_ABOUT THIS TASK_.
Please copy out the lines in the entries that contain "lambda".

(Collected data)
text \<open>n-step transition probabilities of simple random walk started at r0:
  srw_prob E r0 k y = P(X_k = y).\<close>

primrec srw_prob :: "('v \<Rightarrow> 'v \<Rightarrow> bool) \<Rightarrow> 'v \<Rightarrow> nat \<Rightarrow> 'v \<Rightarrow> real" where
  "srw_prob E r0 0 y = (if y = r0 then 1 else 0)"
| "srw_prob E r0 (Suc k) y = (\<Sum>x\<in>nbrs E y. srw_prob E r0 k x / real (deg E x))"

definition green :: "('v \<Rightarrow> 'v \<Rightarrow> bool) \<Rightarrow> 'v \<Rightarrow> 'v \<Rightarrow> real" where
  "green E r0 y = (\<Sum>k. srw_prob E r0 k y)"

definition transient :: "('v \<Rightarrow> 'v \<Rightarrow> bool) \<Rightarrow> 'v \<Rightarrow> bool" where
  "transient E r0 \<longleftrightarrow> summable (\<lambda>k. srw_prob E r0 k r0)"

definition rotor_mechanism :: "('v \<Rightarrow> 'v \<Rightarrow> bool) \<Rightarrow> ('v \<times> 'v \<Rightarrow> 'v \<times> 'v) \<Rightarrow> bool" where
  "rotor_mechanism E m \<longleftrightarrow>
     (\<forall>x. bij_betw m (out_edges E x) (out_edges E x) \<and>
          (\<forall>e\<in>out_edges E x. \<forall>e'\<in>out_edges E x. \<exists>k. (m ^^ k) e = e'))"

definition rotor_config :: "('v \<Rightarrow> 'v \<Rightarrow> bool) \<Rightarrow> ('v \<Rightarrow> 'v \<times> 'v) \<Rightarrow> bool" where
  "rotor_config E \<rho> \<longleftrightarrow> (\<forall>x. \<rho> x \<in> out_edges E x)"

definition weight :: "('v \<Rightarrow> 'v \<Rightarrow> bool) \<Rightarrow> 'v \<Rightarrow> ('v \<times> 'v \<Rightarrow> 'v \<times> 'v) \<Rightarrow> 'v \<times> 'v \<Rightarrow> real" where
  "weight E r0 m e =
     (-1 / real (deg E (fst e))) *
     (\<Sum>i<deg E (fst e). real i * green E r0 (snd ((m ^^ (i + 1)) e))
                                  / real (deg E (snd ((m ^^ (i + 1)) e))))"

text \<open>The experiment. A state is (positions of particles 0..n-1, rotor configuration).
  exp_hist E m r0 \<rho> n t is the list of states at times 0..t.\<close>

type_synonym 'v rstate = "(nat \<Rightarrow> 'v) \<times> ('v \<Rightarrow> 'v \<times> 'v)"

definition exp_step :: "('v \<times> 'v \<Rightarrow> 'v \<times> 'v) \<Rightarrow> 'v \<Rightarrow> nat \<Rightarrow> 'v rstate list \<Rightarrow> nat \<Rightarrow> 'v rstate" where
  "exp_step m r0 n h t =
     (let (X, r) = h ! t; i = (t + 1) mod n in
      if X i = r0 \<and> (\<exists>s<t. fst (h ! s) i \<noteq> r0) then (X, r)
      else (let x = X i; r' = r(x := m (r x)) in (X(i := snd (r' x)), r')))"

primrec exp_hist :: "('v \<times> 'v \<Rightarrow> 'v \<times> 'v) \<Rightarrow> 'v \<Rightarrow> ('v \<Rightarrow> 'v \<times> 'v) \<Rightarrow> nat \<Rightarrow> nat \<Rightarrow> 'v rstate list" where
  "exp_hist m r0 \<rho> n 0 = [(\<lambda>_. r0, \<rho>)]"
| "exp_hist m r0 \<rho> n (Suc t) = exp_hist m r0 \<rho> n t @ [exp_step m r0 n (exp_hist m r0 \<rho> n t) t]"

definition pos :: "('v \<times> 'v \<Rightarrow> 'v \<times> 'v) \<Rightarrow> 'v \<Rightarrow> ('v \<Rightarrow> 'v \<times> 'v) \<Rightarrow> nat \<Rightarrow> nat \<Rightarrow> nat \<Rightarrow> 'v" where
  "pos m r0 \<rho> n t i = fst (exp_hist m r0 \<rho> n t ! t) i"

definition rot :: "('v \<times> 'v \<Rightarrow> 'v \<times> 'v) \<Rightarrow> 'v \<Rightarrow> ('v \<Rightarrow> 'v \<times> 'v) \<Rightarrow> nat \<Rightarrow> nat \<Rightarrow> 'v \<Rightarrow> 'v \<times> 'v" where
  "rot m r0 \<rho> n t = snd (exp_hist m r0 \<rho> n t ! t)"

definition range_set :: "('v \<times> 'v \<Rightarrow> 'v \<times> 'v) \<Rightarrow> 'v \<Rightarrow> ('v \<Rightarrow> 'v \<times> 'v) \<Rightarrow> nat \<Rightarrow> nat \<Rightarrow> 'v set" where
  "range_set m r0 \<rho> n t = {pos m r0 \<rho> n s i | i s. i < n \<and> s \<le> t}"

definition M_val :: "('v \<Rightarrow> 'v \<Rightarrow> bool) \<Rightarrow> ('v \<times> 'v \<Rightarrow> 'v \<times> 'v) \<Rightarrow> 'v \<Rightarrow> ('v \<Rightarrow> 'v \<times> 'v) \<Rightarrow> nat \<Rightarrow> nat \<Rightarrow> real" where
  "M_val E m r0 \<rho> n t =
     (\<Sum>i<n. green E r0 (pos m r0 \<rho> n t i) / real (deg E (pos m r0 \<rho> n t i)))
     + real (min t n) / real (deg E r0)
     + (\<Sum>x\<in>range_set m r0 \<rho> n t. weight E r0 m (rot m r0 \<rho> n t x) - weight E r0 m (\<rho> x))"

end

theory Submission
  imports Defs
begin

(* M_t is conserved step by step. Write h(y) = G(y)/deg(y); the Green function satisfies
   G(y) = [y = o] + sum of h over the neighbours of y. When a particle at x turns the rotor
   from e to m(e) and walks to y, the weights are arranged so that w(m(e)) - w(e) is the
   average of h over the neighbours of x minus h(y), while the particle sum changes by
   h(y) - h(x). Hence M changes by -[x = o]/deg(o). A particle moves from o exactly at its
   first move, i.e. during the first n steps, where the term min{t,n}/deg(o) compensates;
   afterwards a particle found at o has returned and is frozen, so nothing changes. *)

lemma sum_fun_upd_eq:
  fixes g :: "'a \<Rightarrow> 'b \<Rightarrow> 'c::ab_group_add"
  assumes "finite A" "a \<in> A"
  shows "(\<Sum>z\<in>A. g z ((f(a := v)) z)) = (\<Sum>z\<in>A. g z (f z)) - g a (f a) + g a v"
proof -
  have "(\<Sum>z\<in>A - {a}. g z ((f(a := v)) z)) = (\<Sum>z\<in>A - {a}. g z (f z))"
    by (rule sum.cong) auto
  then show ?thesis
    using assms by (simp add: sum.remove)
qed

lemma funpow_in_invariant_set: "m ` A \<subseteq> A \<Longrightarrow> a \<in> A \<Longrightarrow> (m ^^ k) a \<in> A"
  by (induction k) auto

lemma single_orbit_funpow:
  assumes maps: "m ` A \<subseteq> A"
    and orbit: "\<forall>a\<in>A. \<forall>b\<in>A. \<exists>k. (m ^^ k) a = b"
    and e: "e \<in> A"
  shows "(m ^^ card A) e = e" and "bij_betw (\<lambda>k. (m ^^ k) e) {..<card A} A"
proof -
  define F where "F k = (m ^^ k) e" for k
  obtain k where "(m ^^ k) (m e) = e"
    using orbit e maps by blast
  then have "F (Suc k) = e"
    unfolding F_def by (simp add: funpow_swap1)
  then have ex: "\<exists>p. 0 < p \<and> F p = e"
    by blast
  define p where "p = (LEAST p. 0 < p \<and> F p = e)"
  have p: "0 < p" "F p = e"
    unfolding p_def using LeastI_ex[OF ex] by auto
  have "q < p \<Longrightarrow> 0 < q \<Longrightarrow> F q \<noteq> e" for q
    unfolding p_def using not_less_Least by blast
  then have inj: "inj_on F {..<p}"
    using inj_on_funpow_least[where f=m and n=p and s=e] p unfolding F_def by (simp add: lessThan_atLeast0)
  have "F ` {..<p} = A"
  proof
    show "F ` {..<p} \<subseteq> A"
      unfolding F_def using funpow_in_invariant_set[OF maps e] by blast
    show "A \<subseteq> F ` {..<p}"
    proof
      fix a assume "a \<in> A"
      then obtain k where "F k = a"
        using orbit e unfolding F_def by blast
      moreover have "F (k mod p) = F k"
        using funpow_mod_eq[where f=m and n=p and x=e] p unfolding F_def by simp
      ultimately show "a \<in> F ` {..<p}"
        using p(1) by (metis image_eqI lessThan_iff mod_less_divisor)
    qed
  qed
  then have bij: "bij_betw F {..<p} A"
    using inj by (simp add: bij_betw_def)
  then have "card A = p"
    using bij_betw_same_card by fastforce
  with p bij show "(m ^^ card A) e = e" and "bij_betw (\<lambda>k. (m ^^ k) e) {..<card A} A"
    unfolding F_def by simp_all
qed

lemma sum_lessThan_index_times_shift:
  fixes g :: "nat \<Rightarrow> 'a::comm_ring_1"
  shows "(\<Sum>i<d. of_nat i * g (Suc i)) = (\<Sum>i<d. of_nat i * g i) + of_nat d * g d - (\<Sum>i<d. g (Suc i))"
proof -
  have "(\<Sum>i<d. of_nat (Suc i) * g (Suc i) - of_nat i * g i) = of_nat d * g d"
    by (subst sum_lessThan_telescope) simp
  then show ?thesis
    by (simp add: sum_subtractf sum.distrib algebra_simps)
qed

lemma earlier_same_residue_iff:
  assumes "0 < (n::nat)"
  shows "(\<exists>k<t. Suc k mod n = Suc t mod n) \<longleftrightarrow> n \<le> t"
proof
  assume "\<exists>k<t. Suc k mod n = Suc t mod n"
  then obtain k where "k < t" "Suc k mod n = Suc t mod n"
    by blast
  show "n \<le> t"
  proof (rule ccontr)
    assume "\<not> n \<le> t"
    then have "Suc k mod n = Suc k" "Suc t mod n = (if Suc t = n then 0 else Suc t)"
      using \<open>k < t\<close> by auto
    then show False
      using \<open>k < t\<close> \<open>Suc k mod n = Suc t mod n\<close> by (auto split: if_splits)
  qed
next
  assume "n \<le> t"
  then have "Suc t = Suc (t - n) + n"
    by simp
  then have "Suc (t - n) mod n = Suc t mod n"
    by (metis mod_add_self2)
  moreover have "t - n < t"
    using assms \<open>n \<le> t\<close> by simp
  ultimately show "\<exists>k<t. Suc k mod n = Suc t mod n"
    by blast
qed

lemma out_edges_eq_image: "out_edges E x = Pair x ` nbrs E x"
  unfolding out_edges_def nbrs_def by auto

lemma deg_eq_card_nbrs: "deg E x = card (nbrs E x)"
  unfolding deg_def out_edges_eq_image by (simp add: card_image inj_on_def)

lemma sum_out_edges_snd: "(\<Sum>a\<in>out_edges E x. f (snd a)) = (\<Sum>y\<in>nbrs E x. f y)"
  unfolding out_edges_eq_image by (simp add: sum.reindex inj_on_def)

lemma srw_prob_nonneg: "0 \<le> srw_prob E r0 k y"
  by (induction k arbitrary: y) (auto intro!: sum_nonneg divide_nonneg_nonneg)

_WRITTEN SOLUTION_.
  "transient E r0 \<longleftrightarrow> summable (\<lambda>k. srw_prob E r0 k r0)"
  "exp_hist m r0 \<rho> n 0 = [(\<lambda>_. r0, \<rho>)]"
  shows "(m ^^ card A) e = e" and "bij_betw (\<lambda>k. (m ^^ k) e) {..<card A} A"
  with p bij show "(m ^^ card A) e = e" and "bij_betw (\<lambda>k. (m ^^ k) e) {..<card A} A"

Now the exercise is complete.